Conversaciones en el hoyo 19: Internet

— Estaba buscando una cosa en Google y me han salido dos links de lo que buscaba y mil links que no tenían nada que ver—explicó Pascual—. Hace diez años todas las búsquedas te llevaban a lo que estabas buscando. Un buscador ya no es lo que era.
— Aparte de los datos que les has entregado a los de Google al hacer la búsqueda…—añadió Juan, riendo—. Hoy en día Internet ha cambiado. Recuerdo que cuando empezó Internet todos nos prometíamos que sería libre y ahora no es más que un conglomerado de multinacionales que trafican con nuestros datos.
— Supongo que es debido a los tejemanejes de las empresas norteamericanas— dijo Inés—. Es difícil encontrar una empresa que no sea de aquel país: X, Amazon, Apple, Windows, Steam, Facebook. Todas las empresas son norteamericanas y abusan de su posición. Los libros digitales que vende Amazon, en realidad son alquilados, a precio de venta. Los juegos de Steam también son alquilados, a precio de venta. Nos están estafando y nosotros lo permitimos. Respecto a Windows, temo el mensaje que me anuncia una actualización, ya que eso pone en peligro algo que, más ó menos funciona. Y no puedo impedir esa actualización, ya que quiera ó no me la aplica igualmente. Deberíamos dejar de comprar productos de Usa.


— Y dejar de ver películas de aquel país, ya que todas ó casi todas se dedican a fomentar la violencia— añadió Santiago—. Prefiero el cine europeo, incluso el asiático.
— Tengo en el móvil una aplicación que me indica la nacionalidad de los productos que compramos— dijo Inés—. Y os sorprendería la cantidad de productos que comemos que son norteamericanos.
— Lo cierto es que, poco a poco, nos están educando a la norteamericana y eso no es bueno para nosotros— indicó Juan—. Su cultura, si se le puede llamar cultura a eso que exportan, es una mierda.
— Es curioso que ningún país haya rechazado esa basura— añadió Pascual—. Supongo que se debe al chantaje que hace y ha hecho ese país al resto del mundo.
— Y lo de ahora es demencial— dijo riendo Santiago—. Un país creado por inmigrantes expulsando a los inmigrantes. Si fueran fieles a sus principios, no quedaría nadie en ese país. Sólo quedarían los indios, si es que queda alguno de ellos con vida.
— Y cuya economía se basa en expandirse a otros países a base de guerras— añadió Inés—. Es un poco como el vecino de Santiago que por haber ganado una medalla de plata en no sé que deporte, le hace pensar que está por encima de las leyes de su país y se dedica a abusar de los otros vecinos.

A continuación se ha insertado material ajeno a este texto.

text \<open>two tetrahedra are merged in the minor complex when they share a face that is
  deleted (i.e. a face that is not a c-face)\<close>
definition merge_rel :: "('v \<Rightarrow> color) \<Rightarrow> 't set \<Rightarrow> ('t \<Rightarrow> 'f set) \<Rightarrow> ('f \<Rightarrow> 'v set) \<Rightarrow> color
   \<Rightarrow> ('t \<times> 't) set" where
  "merge_rel col T tf fv c =
     {(\<alpha>, \<beta>). \<alpha> \<in> T \<and> \<beta> \<in> T \<and> (\<exists>f \<in> tf \<alpha> \<inter> tf \<beta>. \<not> is_cface col fv c f)}"

definition minor_cells :: "('v \<Rightarrow> color) \<Rightarrow> 't set \<Rightarrow> ('t \<Rightarrow> 'f set) \<Rightarrow> ('f \<Rightarrow> 'v set) \<Rightarrow> color
   \<Rightarrow> 't set set" where
  "minor_cells col T tf fv c =
     {{\<mu> \<in> T. (\<nu>, \<mu>) \<in> (merge_rel col T tf fv c)\<^sup>*} | \<nu>. \<nu> \<in> T}"

text \<open>mod-2 sum of a finite family of 2-chains (2-chains over Z/2 = sets of faces)\<close>
definition sum2 :: "('a \<Rightarrow> 'f set) \<Rightarrow> 'a set \<Rightarrow> 'f set" where
  "sum2 X A = {f. odd (card {a \<in> A. f \<in> X a})}"

definition bd3 :: "('t \<Rightarrow> 'f set) \<Rightarrow> 't set \<Rightarrow> 'f set" where
  "bd3 tf R = sum2 tf R"

definition tets_at :: "'t set \<Rightarrow> ('t \<Rightarrow> 'v set) \<Rightarrow> 'v \<Rightarrow> 't set" where
  "tets_at T tv v = {\<nu> \<in> T. v \<in> tv \<nu>}"

end

theory Submission
  imports Defs
begin

text \<open>Every tetrahedron has exactly one vertex of colour c, and its c-face is the face opposite
  that vertex. A face is deleted in the minor exactly when it contains a c-vertex, so merging
  across deleted faces never leaves the star of a c-vertex v; conversely the star of v is
  connected through faces containing v, all of which are deleted. Hence the merged regions are
  exactly the stars of the c-vertices. In the boundary of the star of v, a face through v either
  lies in no tetrahedron of the star or in both tetrahedra containing it, so it cancels mod 2;
  a face avoiding v lies in a tetrahedron of the star exactly when it is that tetrahedron's
  c-face.\<close>

lemma rainbow_set_has_colour:
  fixes col :: "'v \<Rightarrow> color"
  assumes "card S = 4" "inj_on col S"
  shows "\<exists>v\<in>S. col v = c"
proof -
  have univ: "(UNIV :: color set) = {Red, Blue, Green, Yellow}"
    using color.exhaust by auto
  have "card (col ` S) = card (UNIV :: color set)"
    using assms by (simp add: card_image univ)
  then have "col ` S = UNIV"
    by (metis card_subset_eq finite_insert finite.emptyI subset_UNIV univ)
  then show ?thesis by (metis UNIV_I imageE)
qed

lemma opposite_face_unique:
  assumes faces: "bij_betw fv Fs {S. S \<subseteq> X \<and> card S = 3}"
    and "card X = 4" "v \<in> X"
  shows "\<exists>!f\<in>Fs. v \<notin> fv f"
proof -
  have fin: "finite X" using \<open>card X = 4\<close> by (metis card.infinite zero_neq_numeral)
  have card_opp: "card (X - {v}) = 3" using assms(2,3) fin by simp
  then have "X - {v} \<in> fv ` Fs"
    using faces unfolding bij_betw_def by auto
  then obtain f where f: "f \<in> Fs" "fv f = X - {v}" by blast
  have "g = f" if "g \<in> Fs" "v \<notin> fv g" for g
  proof -
    have "fv g \<subseteq> X - {v}" "card (fv g) = 3"
      using that faces unfolding bij_betw_def by auto
    then have "fv g = fv f"
      using f card_opp fin by (simp add: card_subset_eq)
    then show ?thesis
      using that f faces unfolding bij_betw_def by (metis inj_onD)
  qed
  then show ?thesis using f by blast
qed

— Bueno. Teniendo en cuenta que el presidente que tiene Estados Unidos es un inútil, es muy posible que en unos pocos años el país se hunda—dijo Santiago.
— Hombre, si tenemos que hablar de inútiles, nuestro país lleva muchos años teniendo a inútiles de presidentes del gobierno y ninguno ha hundido al país— añadió riendo Pascual—. Quizás porqué los poderes fácticos son los que realmente gobiernan. El problema de Estados unidos es que los poderes fácticos que antes gobernaban ocultos, ahora han salido a la luz y han demostrado al resto del mundo que son tan inútiles como los propios presidentes.
— Y egoístas. Porqué si algo han demostrado es que les importa un rábano la gente que no está en su posición— dijo Juan—. Mira que sería fácil conseguir que la gente pudiera vivir con dignidad, independientemente de su nivel económico y dándoles acceso a una buena cultura.
— Pero no interesa. Cuanto menos cultura, más posibilidades de conseguir que la gente siga votando a inútiles como los de ahora—concluyó Pascual.